Assigned task ▸
Write out exactly the lines below that run from the one containing "2) / \<gamma>)\<^sup>2" through the one containing "using eta_pos gamma_pos by (simp add: field_simps)", both included, with no other lines.
%%
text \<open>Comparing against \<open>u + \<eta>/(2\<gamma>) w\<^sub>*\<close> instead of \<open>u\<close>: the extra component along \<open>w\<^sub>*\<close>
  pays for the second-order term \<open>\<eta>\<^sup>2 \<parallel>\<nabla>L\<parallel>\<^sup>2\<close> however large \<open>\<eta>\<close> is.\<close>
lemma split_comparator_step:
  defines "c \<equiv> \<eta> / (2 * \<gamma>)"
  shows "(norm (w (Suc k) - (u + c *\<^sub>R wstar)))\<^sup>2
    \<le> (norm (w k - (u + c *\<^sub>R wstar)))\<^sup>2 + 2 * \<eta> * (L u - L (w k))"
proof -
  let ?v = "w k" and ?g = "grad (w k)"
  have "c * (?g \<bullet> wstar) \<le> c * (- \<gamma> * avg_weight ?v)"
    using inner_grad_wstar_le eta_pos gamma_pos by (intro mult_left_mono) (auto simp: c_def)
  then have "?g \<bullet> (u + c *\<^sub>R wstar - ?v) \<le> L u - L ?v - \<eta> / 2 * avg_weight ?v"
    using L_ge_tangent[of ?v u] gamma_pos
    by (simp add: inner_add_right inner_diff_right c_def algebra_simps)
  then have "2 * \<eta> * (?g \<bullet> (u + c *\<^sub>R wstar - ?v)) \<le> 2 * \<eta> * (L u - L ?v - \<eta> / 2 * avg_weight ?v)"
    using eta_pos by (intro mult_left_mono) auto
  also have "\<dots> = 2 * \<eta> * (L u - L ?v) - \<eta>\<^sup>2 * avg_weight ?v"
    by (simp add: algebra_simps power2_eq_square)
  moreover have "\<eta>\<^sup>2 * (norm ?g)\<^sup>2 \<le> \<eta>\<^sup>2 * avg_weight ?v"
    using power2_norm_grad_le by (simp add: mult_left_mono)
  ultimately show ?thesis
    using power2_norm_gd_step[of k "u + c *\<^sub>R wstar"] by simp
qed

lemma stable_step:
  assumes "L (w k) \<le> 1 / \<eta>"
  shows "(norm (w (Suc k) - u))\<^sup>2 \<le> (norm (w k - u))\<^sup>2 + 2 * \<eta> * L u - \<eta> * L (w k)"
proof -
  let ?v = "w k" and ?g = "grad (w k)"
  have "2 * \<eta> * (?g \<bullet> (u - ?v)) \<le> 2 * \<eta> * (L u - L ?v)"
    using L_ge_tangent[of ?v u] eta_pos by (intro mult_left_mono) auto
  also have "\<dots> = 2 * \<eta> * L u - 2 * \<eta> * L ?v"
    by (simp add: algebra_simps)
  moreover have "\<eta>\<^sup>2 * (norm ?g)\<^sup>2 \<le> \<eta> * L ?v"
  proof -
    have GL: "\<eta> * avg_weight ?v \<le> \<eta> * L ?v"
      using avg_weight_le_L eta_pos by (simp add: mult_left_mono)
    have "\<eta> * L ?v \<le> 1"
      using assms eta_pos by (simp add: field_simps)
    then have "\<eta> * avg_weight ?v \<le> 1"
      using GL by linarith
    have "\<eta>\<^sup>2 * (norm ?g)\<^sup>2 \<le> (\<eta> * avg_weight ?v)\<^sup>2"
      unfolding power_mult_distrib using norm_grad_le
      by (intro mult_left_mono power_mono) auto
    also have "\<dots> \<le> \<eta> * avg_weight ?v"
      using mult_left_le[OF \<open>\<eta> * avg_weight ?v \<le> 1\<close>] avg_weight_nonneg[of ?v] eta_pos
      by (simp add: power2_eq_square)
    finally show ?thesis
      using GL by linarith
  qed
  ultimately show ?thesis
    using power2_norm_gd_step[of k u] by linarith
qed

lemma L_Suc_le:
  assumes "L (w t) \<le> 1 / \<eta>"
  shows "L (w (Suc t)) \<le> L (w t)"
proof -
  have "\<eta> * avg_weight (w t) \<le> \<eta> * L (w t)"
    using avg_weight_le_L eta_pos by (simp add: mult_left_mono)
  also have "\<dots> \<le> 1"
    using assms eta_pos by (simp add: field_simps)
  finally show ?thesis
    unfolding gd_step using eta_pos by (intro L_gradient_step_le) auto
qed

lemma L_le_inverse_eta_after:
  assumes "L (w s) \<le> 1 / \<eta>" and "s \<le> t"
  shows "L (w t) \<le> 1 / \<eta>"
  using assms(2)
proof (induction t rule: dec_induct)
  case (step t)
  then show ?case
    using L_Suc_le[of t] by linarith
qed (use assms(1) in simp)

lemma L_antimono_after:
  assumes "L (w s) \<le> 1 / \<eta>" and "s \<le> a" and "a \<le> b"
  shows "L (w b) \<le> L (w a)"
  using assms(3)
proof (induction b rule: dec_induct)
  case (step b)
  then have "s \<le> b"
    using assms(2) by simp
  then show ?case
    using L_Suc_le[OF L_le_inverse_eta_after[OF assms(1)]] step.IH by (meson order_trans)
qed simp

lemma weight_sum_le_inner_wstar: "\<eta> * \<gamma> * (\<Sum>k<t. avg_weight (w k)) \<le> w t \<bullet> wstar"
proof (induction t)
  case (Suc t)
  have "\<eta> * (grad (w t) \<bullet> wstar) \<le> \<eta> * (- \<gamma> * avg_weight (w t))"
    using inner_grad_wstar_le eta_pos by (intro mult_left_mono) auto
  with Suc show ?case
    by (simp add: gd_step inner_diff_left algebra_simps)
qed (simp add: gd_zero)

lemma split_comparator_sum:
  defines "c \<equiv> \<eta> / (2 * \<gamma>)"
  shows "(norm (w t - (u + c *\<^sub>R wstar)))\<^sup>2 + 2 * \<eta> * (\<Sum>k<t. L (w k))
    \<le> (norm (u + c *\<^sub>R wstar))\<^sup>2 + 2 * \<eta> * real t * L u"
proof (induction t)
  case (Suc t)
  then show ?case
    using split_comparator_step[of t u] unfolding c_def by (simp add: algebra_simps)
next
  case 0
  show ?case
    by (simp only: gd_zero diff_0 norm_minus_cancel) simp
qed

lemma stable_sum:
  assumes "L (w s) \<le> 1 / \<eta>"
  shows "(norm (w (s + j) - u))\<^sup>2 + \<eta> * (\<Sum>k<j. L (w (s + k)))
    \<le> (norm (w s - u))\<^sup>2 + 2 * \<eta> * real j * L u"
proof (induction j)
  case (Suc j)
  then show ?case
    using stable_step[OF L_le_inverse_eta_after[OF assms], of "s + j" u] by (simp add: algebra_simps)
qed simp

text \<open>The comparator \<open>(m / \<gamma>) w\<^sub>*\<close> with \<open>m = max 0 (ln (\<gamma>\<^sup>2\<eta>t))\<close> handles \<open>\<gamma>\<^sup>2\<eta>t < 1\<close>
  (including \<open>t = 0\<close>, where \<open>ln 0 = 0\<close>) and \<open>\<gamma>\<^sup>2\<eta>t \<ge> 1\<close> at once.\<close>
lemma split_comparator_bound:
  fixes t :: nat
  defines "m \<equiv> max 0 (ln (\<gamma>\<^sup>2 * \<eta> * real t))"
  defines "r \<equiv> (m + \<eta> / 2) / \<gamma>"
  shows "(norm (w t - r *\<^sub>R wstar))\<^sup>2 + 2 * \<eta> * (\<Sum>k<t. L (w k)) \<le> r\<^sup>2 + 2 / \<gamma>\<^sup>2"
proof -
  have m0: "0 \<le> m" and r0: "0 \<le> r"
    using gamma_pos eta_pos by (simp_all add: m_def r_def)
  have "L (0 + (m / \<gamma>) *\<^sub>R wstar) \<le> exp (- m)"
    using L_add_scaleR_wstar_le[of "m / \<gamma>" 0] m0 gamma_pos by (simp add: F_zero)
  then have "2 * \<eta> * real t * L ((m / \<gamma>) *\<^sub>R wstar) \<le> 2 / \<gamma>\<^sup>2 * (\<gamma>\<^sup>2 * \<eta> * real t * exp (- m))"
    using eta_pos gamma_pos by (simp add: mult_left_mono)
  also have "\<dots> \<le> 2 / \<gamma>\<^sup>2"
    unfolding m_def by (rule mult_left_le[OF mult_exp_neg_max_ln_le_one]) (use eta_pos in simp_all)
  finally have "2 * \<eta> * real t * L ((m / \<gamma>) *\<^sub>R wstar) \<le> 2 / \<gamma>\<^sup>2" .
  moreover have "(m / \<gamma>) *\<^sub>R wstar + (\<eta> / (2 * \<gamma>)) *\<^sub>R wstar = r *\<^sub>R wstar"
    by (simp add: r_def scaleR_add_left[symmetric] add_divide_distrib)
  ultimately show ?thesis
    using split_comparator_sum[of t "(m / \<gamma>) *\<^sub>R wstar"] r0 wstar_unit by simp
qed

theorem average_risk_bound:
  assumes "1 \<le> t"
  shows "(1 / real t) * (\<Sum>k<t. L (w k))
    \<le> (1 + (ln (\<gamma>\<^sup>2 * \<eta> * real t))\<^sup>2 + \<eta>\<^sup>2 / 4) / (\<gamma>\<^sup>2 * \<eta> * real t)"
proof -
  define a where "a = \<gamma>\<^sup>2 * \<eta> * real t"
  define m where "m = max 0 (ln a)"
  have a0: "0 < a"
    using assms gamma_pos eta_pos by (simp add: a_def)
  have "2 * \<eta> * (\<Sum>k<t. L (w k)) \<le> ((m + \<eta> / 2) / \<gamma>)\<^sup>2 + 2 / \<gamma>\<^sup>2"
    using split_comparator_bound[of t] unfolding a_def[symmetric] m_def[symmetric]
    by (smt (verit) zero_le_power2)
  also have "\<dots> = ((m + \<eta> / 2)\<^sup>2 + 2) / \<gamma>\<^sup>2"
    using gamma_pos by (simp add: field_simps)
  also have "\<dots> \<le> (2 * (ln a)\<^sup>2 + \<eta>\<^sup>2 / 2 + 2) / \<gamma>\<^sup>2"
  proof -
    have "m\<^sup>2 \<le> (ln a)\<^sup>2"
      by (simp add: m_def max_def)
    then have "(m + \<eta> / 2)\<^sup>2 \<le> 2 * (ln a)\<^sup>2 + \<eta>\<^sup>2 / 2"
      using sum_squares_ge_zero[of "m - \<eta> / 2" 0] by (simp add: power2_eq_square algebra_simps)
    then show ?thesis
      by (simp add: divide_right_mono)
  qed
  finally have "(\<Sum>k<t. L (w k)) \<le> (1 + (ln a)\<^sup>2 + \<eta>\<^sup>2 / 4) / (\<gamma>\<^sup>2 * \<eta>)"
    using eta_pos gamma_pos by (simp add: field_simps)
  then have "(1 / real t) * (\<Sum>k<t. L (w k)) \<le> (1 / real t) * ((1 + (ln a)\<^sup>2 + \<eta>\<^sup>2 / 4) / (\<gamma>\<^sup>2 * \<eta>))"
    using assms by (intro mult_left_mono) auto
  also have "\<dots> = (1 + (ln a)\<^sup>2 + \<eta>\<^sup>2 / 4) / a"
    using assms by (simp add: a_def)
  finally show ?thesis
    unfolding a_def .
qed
%%
Response to the task ▸
  have "2 * \<eta> * (\<Sum>k<t. L (w k)) \<le> ((m + \<eta> / 2) / \<gamma>)\<^sup>2 + 2 / \<gamma>\<^sup>2"
    using split_comparator_bound[of t] unfolding a_def[symmetric] m_def[symmetric]
    by (smt (verit) zero_le_power2)
  also have "\<dots> = ((m + \<eta> / 2)\<^sup>2 + 2) / \<gamma>\<^sup>2"
    using gamma_pos by (simp add: field_simps)
  also have "\<dots> \<le> (2 * (ln a)\<^sup>2 + \<eta>\<^sup>2 / 2 + 2) / \<gamma>\<^sup>2"
  proof -
    have "m\<^sup>2 \<le> (ln a)\<^sup>2"
      by (simp add: m_def max_def)
    then have "(m + \<eta> / 2)\<^sup>2 \<le> 2 * (ln a)\<^sup>2 + \<eta>\<^sup>2 / 2"
      using sum_squares_ge_zero[of "m - \<eta> / 2" 0] by (simp add: power2_eq_square algebra_simps)
    then show ?thesis
      by (simp add: divide_right_mono)
  qed
  finally have "(\<Sum>k<t. L (w k)) \<le> (1 + (ln a)\<^sup>2 + \<eta>\<^sup>2 / 4) / (\<gamma>\<^sup>2 * \<eta>)"
    using eta_pos gamma_pos by (simp add: field_simps)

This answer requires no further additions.